在另一个可能的实现中,基于所述终端当前所处位置信息、所述第一边缘的空间位置信息、道路坡角信息、限高值和第一高差,确定所述积水区域的最大积水深度,包括:基于所述终端当前所处位置信息和所述第一边缘的空间位置信息,确定第三距离,所述第三距离表征所述终端当前所处位置至所述第一边缘的空间位置的距离;基于所述第三距离和所述道路坡角的正弦值的乘积与所述第一高差,确定第二高差,所述第二高差表征所述限高装置与所述积水区域的水面的高差;基于所述限高值与所述第二高差的差值,确定所述积水区域的最大积水深度。
本申请实施例提供了针对限高场景下的积水深度确定方案,通过根据车辆传感器获取的限高值、车辆与限高装置最高点的高度差值、和积水边缘的空间位置、道路坡角即可确定积水区域的最大积水深度,不强依赖于高精地图。
第二方面,本申请实施例提供了另一种积水深度确定方法,包括:获取积水道路的图像信息;基于所述积水道路的图像信息,确定积水边缘中第一边缘的空间位置信息,根据所述第一边缘的空间位置信息确定第一边缘的高程信息;其中,所述第一边缘为所述积水区域在所述积水道路延伸方向上的两个边缘中的任一边缘;确定所述积水区域的最大水深处对应的道路的高程信息;基于所述第一边缘的高程信息和所述积水区域的最大水深处对应的道路的高程信息,确定所述积水区域的最大积水深度。
本申请实施例通过获取的积水边缘的高程和积水区域的最大水深处对应的道路的高程,基于两个高程的高程差即可确定积水区域的最大积水深度。大大简化了算法,降低了对终端的算力要求,提高了积水水深确定的效率。
在一个可能的实现中,所述获取所述积水区域的最大水深处对应的道路的高程信息,包括:获取积水区域所在道路的地图信息,所述地图信息包括积水区域所在道路的高程信息;基于所述积水区域所在道路的高程信息中的最小高程值,确定所述积水区域的最大水深处对应的道路的高程信息。
本申请实施例,只需获取道路的高程值,然后进行比较即可确定积水区域的最大水深处对应的道路的高程,无需对道路其他信息的分析,算法简单高效。
第三方面,本申请实施例还提供了一种终端的控制方法,包括:终端在距离积水区域预设距离,检测确定所述积水区域的最大积水深度,根据所述积水区域的最大积水深度控制所述终端。

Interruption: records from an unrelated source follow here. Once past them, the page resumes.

(* Let $P$ be a finite poset, $R$ a commutative unital ring, and $D$ a derivation of $I^3(P,R)$. Then for all $x<y$ in $P$, $D(e_{xxy})=D(e_{xyy})=0$.
   Context: For a finite poset $P$, $P^3_\le=\{(x,y,z)\in P^3: x\le y\le z\}$, and $I^3(P,R)$ is the $R$-module of functions $f:P^3_\le\to R$ with multiplication $(fg)(x_1,x_2,x_3)=\sum f(x_1,y_1,y_2)g(y_1,y_2,x_3)$ over all $x_1\le y_1\le x_2\le y_2\le x_3$. For $x\le y\le z$, $e_{xyz}$ is the function equal to $1$ at $(x,y,z)$ and $0$ elsewhere. A derivation is an $R$-linear map $D:I^3(P,R)\to I^3(P,R)$ with $D(fg)=D(f)g+fD(g)$. *)

theory Defs
  imports Main
begin

text \<open>The finite poset P is the type 'a (class finite, order); elements of
  I^3(P,R) are functions 'a => 'a => 'a => 'r vanishing outside P^3_le.\<close>

definition I3 :: "('a::{finite,order} \<Rightarrow> 'a \<Rightarrow> 'a \<Rightarrow> 'r::comm_ring_1) set" where
  "I3 = {f. \<forall>x y z. \<not> (x \<le> y \<and> y \<le> z) \<longrightarrow> f x y z = 0}"

definition mult3 :: "('a::{finite,order} \<Rightarrow> 'a \<Rightarrow> 'a \<Rightarrow> 'r::comm_ring_1)
    \<Rightarrow> ('a \<Rightarrow> 'a \<Rightarrow> 'a \<Rightarrow> 'r) \<Rightarrow> ('a \<Rightarrow> 'a \<Rightarrow> 'a \<Rightarrow> 'r)" where
  "mult3 f g = (\<lambda>x1 x2 x3.
     \<Sum>(y1, y2) \<in> {(y1, y2). x1 \<le> y1 \<and> y1 \<le> x2 \<and> x2 \<le> y2 \<and> y2 \<le> x3}.
        f x1 y1 y2 * g y1 y2 x3)"

definition e3 :: "'a::{finite,order} \<Rightarrow> 'a \<Rightarrow> 'a \<Rightarrow> ('a \<Rightarrow> 'a \<Rightarrow> 'a \<Rightarrow> 'r::comm_ring_1)" where
  "e3 x y z = (\<lambda>a b c. if a = x \<and> b = y \<and> c = z then 1 else 0)"

definition is_derivation3 ::
  "(('a::{finite,order} \<Rightarrow> 'a \<Rightarrow> 'a \<Rightarrow> 'r::comm_ring_1) \<Rightarrow> ('a \<Rightarrow> 'a \<Rightarrow> 'a \<Rightarrow> 'r)) \<Rightarrow> bool" where
  "is_derivation3 D \<longleftrightarrow>
     (\<forall>f \<in> I3. D f \<in> I3) \<and>
     (\<forall>f \<in> I3. \<forall>g \<in> I3. D (\<lambda>a b c. f a b c + g a b c) = (\<lambda>a b c. D f a b c + D g a b c)) \<and>
     (\<forall>r. \<forall>f \<in> I3. D (\<lambda>a b c. r * f a b c) = (\<lambda>a b c. r * D f a b c)) \<and>
     (\<forall>f \<in> I3. \<forall>g \<in> I3. D (mult3 f g) =
         (\<lambda>a b c. mult3 (D f) g a b c + mult3 f (D g) a b c))"

end

theory Submission
  imports Defs
begin

text \<open>A derivation kills every diagonal idempotent e_zzz: the Leibniz rule on e_zzz e_zzz = e_zzz
  and on the vanishing products e_ppz e_zzz and e_zzz e_zrr (p < z < r) leaves no room for a
  nonzero value.  Hence D commutes with multiplication by e_xxx and e_yyy, and since
  e_xxy = e_xxx e_xxy and e_xyy = e_xyy e_yyy, D(e_xxy) lives on the entries (x,x,r) and D(e_xyy)
  on the entries (p,y,y); the vanishing products e_xxy e_xrr (r \<noteq> y) and e_ppy e_xyy (p \<noteq> x)
  leave only the corner values a = D(e_xxy)(x,x,y) and b = D(e_xyy)(x,y,y).  Finally
  S = e_xxy e_xyy satisfies e_xxx S = e_xxy and S e_yyy = e_xyy, so evaluating D S at both
  corners gives a = a + b = b, whence a = b = 0.\<close>

lemma mult3_e3_left:
  "mult3 (e3 a b c) g p q r =
     (if p = a \<and> a \<le> b \<and> b \<le> q \<and> q \<le> c \<and> c \<le> r then g b c r else (0::'r::comm_ring_1))"
proof -
  let ?S = "{(y1, y2). p \<le> y1 \<and> y1 \<le> q \<and> q \<le> y2 \<and> y2 \<le> (r::'a::{finite,order})}"
  have "mult3 (e3 a b c) g p q r = (\<Sum>z\<in>?S. if z = (b, c) then (if p = a then g b c r else 0) else 0)"
    unfolding mult3_def e3_def by (rule sum.cong) (auto split: if_splits)
  also have "\<dots> = (if (b, c) \<in> ?S then (if p = a then g b c r else 0) else 0)"
    by (rule sum.delta) simp
  finally show ?thesis by auto
qed

lemma mult3_e3_right:
  "mult3 f (e3 b c d) p q r =
     (if r = d \<and> p \<le> b \<and> b \<le> q \<and> q \<le> c \<and> c \<le> d then f p b c else (0::'r::comm_ring_1))"
proof -
  let ?S = "{(y1, y2). p \<le> y1 \<and> y1 \<le> q \<and> q \<le> y2 \<and> y2 \<le> (r::'a::{finite,order})}"
  have "mult3 f (e3 b c d) p q r = (\<Sum>z\<in>?S. if z = (b, c) then (if r = d then f p b c else 0) else 0)"
    unfolding mult3_def e3_def by (rule sum.cong) (auto split: if_splits)
  also have "\<dots> = (if (b, c) \<in> ?S then (if r = d then f p b c else 0) else 0)"
    by (rule sum.delta) simp
  finally show ?thesis by auto
qed

lemma mult3_zero_left [simp]: "mult3 (\<lambda>_ _ _. 0) g = (\<lambda>_ _ _. (0::'r::comm_ring_1))"
  unfolding mult3_def by simp

lemma mult3_zero_right [simp]: "mult3 f (\<lambda>_ _ _. 0) = (\<lambda>_ _ _. (0::'r::comm_ring_1))"
  unfolding mult3_def by simp

lemma e3_in_I3: "a \<le> b \<Longrightarrow> b \<le> c \<Longrightarrow> e3 a b c \<in> I3"
  unfolding I3_def e3_def by auto

lemma mult3_in_I3: "mult3 f g \<in> I3"
  unfolding I3_def mult3_def by (auto intro!: sum.neutral dest: order_trans)

lemma I3_eq_zero: "f \<in> I3 \<Longrightarrow> \<not> (x \<le> y \<and> y \<le> z) \<Longrightarrow> f x y z = 0"
  unfolding I3_def by auto

lemma derivation3_in_I3: "is_derivation3 D \<Longrightarrow> f \<in> I3 \<Longrightarrow> D f \<in> I3"
  unfolding is_derivation3_def by simp

lemma derivation3_mult3:
  assumes "is_derivation3 D" "f \<in> I3" "g \<in> I3"
  shows "D (mult3 f g) p q r = mult3 (D f) g p q r + mult3 f (D g) p q r"
  using assms unfolding is_derivation3_def by simp

lemma derivation3_smult:
  "is_derivation3 D \<Longrightarrow> f \<in> I3 \<Longrightarrow> D (\<lambda>a b c. s * f a b c) = (\<lambda>a b c. s * D f a b c)"
  unfolding is_derivation3_def by blast

lemma derivation3_zero:
  assumes "is_derivation3 (D :: ('a::{finite,order} \<Rightarrow> 'a \<Rightarrow> 'a \<Rightarrow> 'r::comm_ring_1) \<Rightarrow> _)"
  shows "D (\<lambda>_ _ _. 0) = (\<lambda>_ _ _. 0)"
proof -
  have "(\<lambda>_ _ _. 0) \<in> (I3 :: ('a \<Rightarrow> 'a \<Rightarrow> 'a \<Rightarrow> 'r) set)"
    unfolding I3_def by simp
  from derivation3_smult[OF assms this, of 0] show ?thesis by simp
qed

lemma derivation3_mult3_eq_zero:
  assumes "is_derivation3 D" "f \<in> I3" "g \<in> I3" "mult3 f g = (\<lambda>_ _ _. 0)"
  shows "mult3 (D f) g p q r + mult3 f (D g) p q r = 0"
  using derivation3_mult3[OF assms(1-3), of p q r] assms(4) derivation3_zero[OF assms(1)] by simp

lemma derivation3_mult3_kernel_left:
  assumes "is_derivation3 D" "e \<in> I3" "f \<in> I3" "D e = (\<lambda>_ _ _. 0)"
  shows "D (mult3 e f) = mult3 e (D f)"
  using derivation3_mult3[OF assms(1-3)] assms(4) by (simp add: fun_eq_iff)

lemma derivation3_mult3_kernel_right:
  assumes "is_derivation3 D" "f \<in> I3" "e \<in> I3" "D e = (\<lambda>_ _ _. 0)"
  shows "D (mult3 f e) = mult3 (D f) e"
  using derivation3_mult3[OF assms(1-3)] assms(4) by (simp add: fun_eq_iff)

lemma derivation3_e3_diag:
  assumes D: "is_derivation3 D"
  shows "D (e3 z z z) = (\<lambda>_ _ _. 0)"
proof -
  define F where "F = D (e3 z z z)"
  have ezzz: "e3 z z z \<in> I3" by (rule e3_in_I3) auto
  have FI: "F \<in> I3" unfolding F_def by (rule derivation3_in_I3[OF D ezzz])
  have idem: "mult3 (e3 z z z) (e3 z z z) = e3 z z z"
    by (simp only: fun_eq_iff mult3_e3_left) (auto simp: e3_def)
  have F_eq: "F p q r = (if r = z \<and> p \<le> z \<and> q = z then F p z z else 0)
      + (if p = z \<and> q = z \<and> z \<le> r then F z z r else 0)" for p q r
    using derivation3_mult3[OF D ezzz ezzz, of p q r] unfolding idem F_def[symmetric]
    by (auto simp: mult3_e3_left mult3_e3_right)
  have "F z z z = 0" using F_eq[of z z z] by simp
  moreover have "F p z z = 0" if "p < z" for p
  proof -
    have "mult3 (e3 p p z) (e3 z z z) = (\<lambda>_ _ _. 0)"
      using that by (simp only: fun_eq_iff mult3_e3_left) (auto simp: e3_def)
    from derivation3_mult3_eq_zero[OF D _ ezzz this, of p p z] that show ?thesis
      by (auto simp: e3_in_I3 mult3_e3_left mult3_e3_right F_def less_le_not_le)
  qed
  moreover have "F z z r = 0" if "z < r" for r
  proof -
    have "mult3 (e3 z z z) (e3 z r r) = (\<lambda>_ _ _. 0)"
      using that by (simp only: fun_eq_iff mult3_e3_left) (auto simp: e3_def)
    from derivation3_mult3_eq_zero[OF D ezzz _ this, of z r r] that show ?thesis
      by (auto simp: e3_in_I3 mult3_e3_left mult3_e3_right F_def less_le_not_le)
  qed
  ultimately have "F p z z = 0" "F z z r = 0" for p r
    using I3_eq_zero[OF FI] by (metis order.order_iff_strict)+
  then have "F p q r = 0" for p q r using F_eq[of p q r] by simp
  then show ?thesis unfolding F_def by (simp add: fun_eq_iff)
qed

lemma derivation3_e3_lower_support:
  fixes D :: "('a::{finite,order} \<Rightarrow> 'a \<Rightarrow> 'a \<Rightarrow> 'r::comm_ring_1) \<Rightarrow> _"
  assumes D: "is_derivation3 D" and "x < y"
  shows "D (e3 x x y) p q r = (if p = x \<and> q = x \<and> r = y then D (e3 x x y) x x y else 0)"
proof -
  define G where "G = D (e3 x x y)"
  have exxx: "e3 x x x \<in> I3" and exxy: "e3 x x y \<in> I3"
    using \<open>x < y\<close> by (auto intro: e3_in_I3)
  have "mult3 (e3 x x x) (e3 x x y) = (e3 x x y :: 'a \<Rightarrow> 'a \<Rightarrow> 'a \<Rightarrow> 'r)"
    using \<open>x < y\<close> by (simp only: fun_eq_iff mult3_e3_left) (auto simp: e3_def)
  then have "G = mult3 (e3 x x x) G"
    using derivation3_mult3_kernel_left[OF D exxx exxy derivation3_e3_diag[OF D]]
    unfolding G_def by simp
  then have "G p q r = mult3 (e3 x x x) G p q r" for p q r
    by (rule arg_cong[where f = "\<lambda>h. h p q r"])
  then have G_eq: "G p q r = (if p = x \<and> q = x \<and> x \<le> r then G x x r else 0)" for p q r
    unfolding mult3_e3_left by (metis order_antisym)
  have G_off: "G x x r = 0" if "r \<noteq> y" "x \<le> r" for r
  proof -
    have "mult3 (e3 x x y) (e3 x r r) = (\<lambda>_ _ _. 0)"
      using that by (simp only: fun_eq_iff mult3_e3_left) (auto simp: e3_def)
    from derivation3_mult3_eq_zero[OF D exxy _ this, of x r r] that show ?thesis
      by (auto simp: e3_in_I3 mult3_e3_left mult3_e3_right G_def split: if_splits dest: order_antisym)
  qed
  show ?thesis
  proof (cases "r = y")
    case True
    then show ?thesis using G_eq[of p q y] less_imp_le[OF \<open>x < y\<close>] unfolding G_def[symmetric] by simp
  next
    case False
    then show ?thesis using G_eq[of p q r] G_off[of r] unfolding G_def[symmetric] by auto
  qed
qed

lemma derivation3_e3_upper_support:
  fixes D :: "('a::{finite,order} \<Rightarrow> 'a \<Rightarrow> 'a \<Rightarrow> 'r::comm_ring_1) \<Rightarrow> _"
  assumes D: "is_derivation3 D" and "x < y"
  shows "D (e3 x y y) p q r = (if p = x \<and> q = y \<and> r = y then D (e3 x y y) x y y else 0)"
proof -
  define H where "H = D (e3 x y y)"
  have eyyy: "e3 y y y \<in> I3" and exyy: "e3 x y y \<in> I3"
    using \<open>x < y\<close> by (auto intro: e3_in_I3)
  have "mult3 (e3 x y y) (e3 y y y) = (e3 x y y :: 'a \<Rightarrow> 'a \<Rightarrow> 'a \<Rightarrow> 'r)"
    using \<open>x < y\<close> by (simp only: fun_eq_iff mult3_e3_right) (auto simp: e3_def)
  then have "H = mult3 H (e3 y y y)"
    using derivation3_mult3_kernel_right[OF D exyy eyyy derivation3_e3_diag[OF D]]
    unfolding H_def by simp
  then have "H p q r = mult3 H (e3 y y y) p q r" for p q r
    by (rule arg_cong[where f = "\<lambda>h. h p q r"])
  then have H_eq: "H p q r = (if r = y \<and> q = y \<and> p \<le> y then H p y y else 0)" for p q r
    unfolding mult3_e3_right by (metis order_antisym)
  have H_off: "H p y y = 0" if "p \<noteq> x" "p \<le> y" for p
  proof -
    have "mult3 (e3 p p y) (e3 x y y) = (\<lambda>_ _ _. 0)"
      using that by (simp only: fun_eq_iff mult3_e3_left) (auto simp: e3_def)
    from derivation3_mult3_eq_zero[OF D _ exyy this, of p p y] that show ?thesis
      by (auto simp: e3_in_I3 mult3_e3_left mult3_e3_right H_def split: if_splits dest: order_antisym)
  qed
  show ?thesis
  proof (cases "p = x")
    case True
    then show ?thesis using H_eq[of x q r] less_imp_le[OF \<open>x < y\<close>] unfolding H_def[symmetric] by simp
  next
    case False
    then show ?thesis using H_eq[of p q r] H_off[of p] unfolding H_def[symmetric] by auto
  qed
qed

lemma derivation3_e3_corner_coeffs:
  fixes D :: "('a::{finite,order} \<Rightarrow> 'a \<Rightarrow> 'a \<Rightarrow> 'r::comm_ring_1) \<Rightarrow> _"
  assumes D: "is_derivation3 D" and "x \<le> y"
  shows "D (e3 x x y) x x y = 0 \<and> D (e3 x y y) x y y = 0"
proof -
  define S where "S = mult3 (e3 x x y) (e3 x y y :: 'a \<Rightarrow> 'a \<Rightarrow> 'a \<Rightarrow> 'r)"
  have exxx: "e3 x x x \<in> I3" and exxy: "e3 x x y \<in> I3" and eyyy: "e3 y y y \<in> I3"
    and exyy: "e3 x y y \<in> I3"
    using \<open>x \<le> y\<close> by (auto intro: e3_in_I3)
  have SI: "S \<in> I3"
    unfolding S_def by (rule mult3_in_I3)
  have "mult3 (e3 x x x) S = e3 x x y"
    using \<open>x \<le> y\<close> unfolding S_def
    by (simp only: fun_eq_iff mult3_e3_left mult3_e3_right) (auto simp: e3_def intro: order_antisym)
  then have lower: "D (e3 x x y) = mult3 (e3 x x x) (D S)"
    using derivation3_mult3_kernel_left[OF D exxx SI derivation3_e3_diag[OF D]] by simp
  have "mult3 S (e3 y y y) = e3 x y y"
    using \<open>x \<le> y\<close> unfolding S_def
    by (simp only: fun_eq_iff mult3_e3_left mult3_e3_right) (auto simp: e3_def intro: order_antisym)
  then have upper: "D (e3 x y y) = mult3 (D S) (e3 y y y)"
    using derivation3_mult3_kernel_right[OF D SI eyyy derivation3_e3_diag[OF D]] by simp
  have DS: "D S p q r = mult3 (D (e3 x x y)) (e3 x y y) p q r + mult3 (e3 x x y) (D (e3 x y y)) p q r"
    for p q r
    unfolding S_def by (rule derivation3_mult3[OF D exxy exyy])
  have "D (e3 x x y) x x y = D S x x y"
    using \<open>x \<le> y\<close> by (simp add: lower mult3_e3_left)
  also have "\<dots> = D (e3 x x y) x x y + D (e3 x y y) x y y"
    using DS[of x x y] \<open>x \<le> y\<close> by (simp add: mult3_e3_left mult3_e3_right)
  finally have upper_corner: "D (e3 x y y) x y y = 0" by simp
  have "D (e3 x y y) x y y = D S x y y"
    using \<open>x \<le> y\<close> by (simp add: upper mult3_e3_right)
  also have "\<dots> = D (e3 x x y) x x y + D (e3 x y y) x y y"
    using DS[of x y y] \<open>x \<le> y\<close> by (simp add: mult3_e3_left mult3_e3_right)
  finally have lower_corner: "D (e3 x x y) x x y = 0" by simp
  from lower_corner upper_corner show ?thesis ..
qed

theorem lemma4p5:
  fixes D :: "('a::{finite,order} \<Rightarrow> 'a \<Rightarrow> 'a \<Rightarrow> 'r::comm_ring_1) \<Rightarrow> ('a \<Rightarrow> 'a \<Rightarrow> 'a \<Rightarrow> 'r)"
    and x y :: 'a
  assumes "is_derivation3 D"
    and "x < y"
  shows "D (e3 x x y) = (\<lambda>_ _ _. 0) \<and> D (e3 x y y) = (\<lambda>_ _ _. 0)"
proof -
  have corners: "D (e3 x x y) x x y = 0" "D (e3 x y y) x y y = 0"
    using derivation3_e3_corner_coeffs[OF assms(1) less_imp_le[OF assms(2)]] by simp_all
  have "D (e3 x x y) p q r = 0" for p q r
    using derivation3_e3_lower_support[OF assms, of p q r] corners by simp
  moreover have "D (e3 x y y) p q r = 0" for p q r
    using derivation3_e3_upper_support[OF assms, of p q r] corners by simp
  ultimately show ?thesis by (simp add: fun_eq_iff)
qed

end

在一个可能的实现中,所述根据所述积水区域的最大积水深度控制所述终端,包括:若所述积水区域的最大积水深度大于或等于预设阈值,则发出警示信息和/或控制所述终端停止和/或退出自动驾驶模式和/或重新规划行驶路线。
可选的,所述终端为车辆。实现在车辆在进入积水区域之前,对前方道路积水深度的测量,避免了车辆涉水过深带来的抛锚风险。
在一个可能的实现中,所述检测确定所述积水区域的最大积水深度基于第一方面或第二方面的方法确定。
第四方面,本申请实施例还提供了一种信息传输方法,包括:终端在距离积水区域的预设距离,确定所述积水区域的位置和/或所述积水区域的最大积水深度,将所述积水区域的位置信息和/或所述积水区域的最大积水深度,发送给其他车辆和/或上传至高精地图的动态信息。
在一个可能的实现中,所述最大积水深度是基于第一方面或第二方面所述的方法确定。
第五方面,本申请实施例还提供了一种积水深度确定装置,包括:获取模块,用于获取积水道路的图像信息和道路坡角信息;其中,所述道路坡角信息包括所述第一边缘所在位置的道路坡角;确定模块,用于基于所述积水道路的图像信息,确定积水边缘中第一边缘的空间位置信息;其中,所述第一边缘为所述积水区域在所述积水道路延伸方向上的两个边缘中的任一边缘;用于获取道路坡角信息,所述道路坡角信息包括所述第一边缘所在位置的道路坡角;第二确定模块,用于确定所述积水区域的最大水深处对应的道路位置信息/所述积水区域的最大水深处对应的水面位置信息;用于基于所述第一边缘的空间位置信息、道路坡角信息、所述最大水深处对应的道路位置信息/所述积水区域的最大水深处对应的水面位置信息,确定所述积水区域的最大积水深度。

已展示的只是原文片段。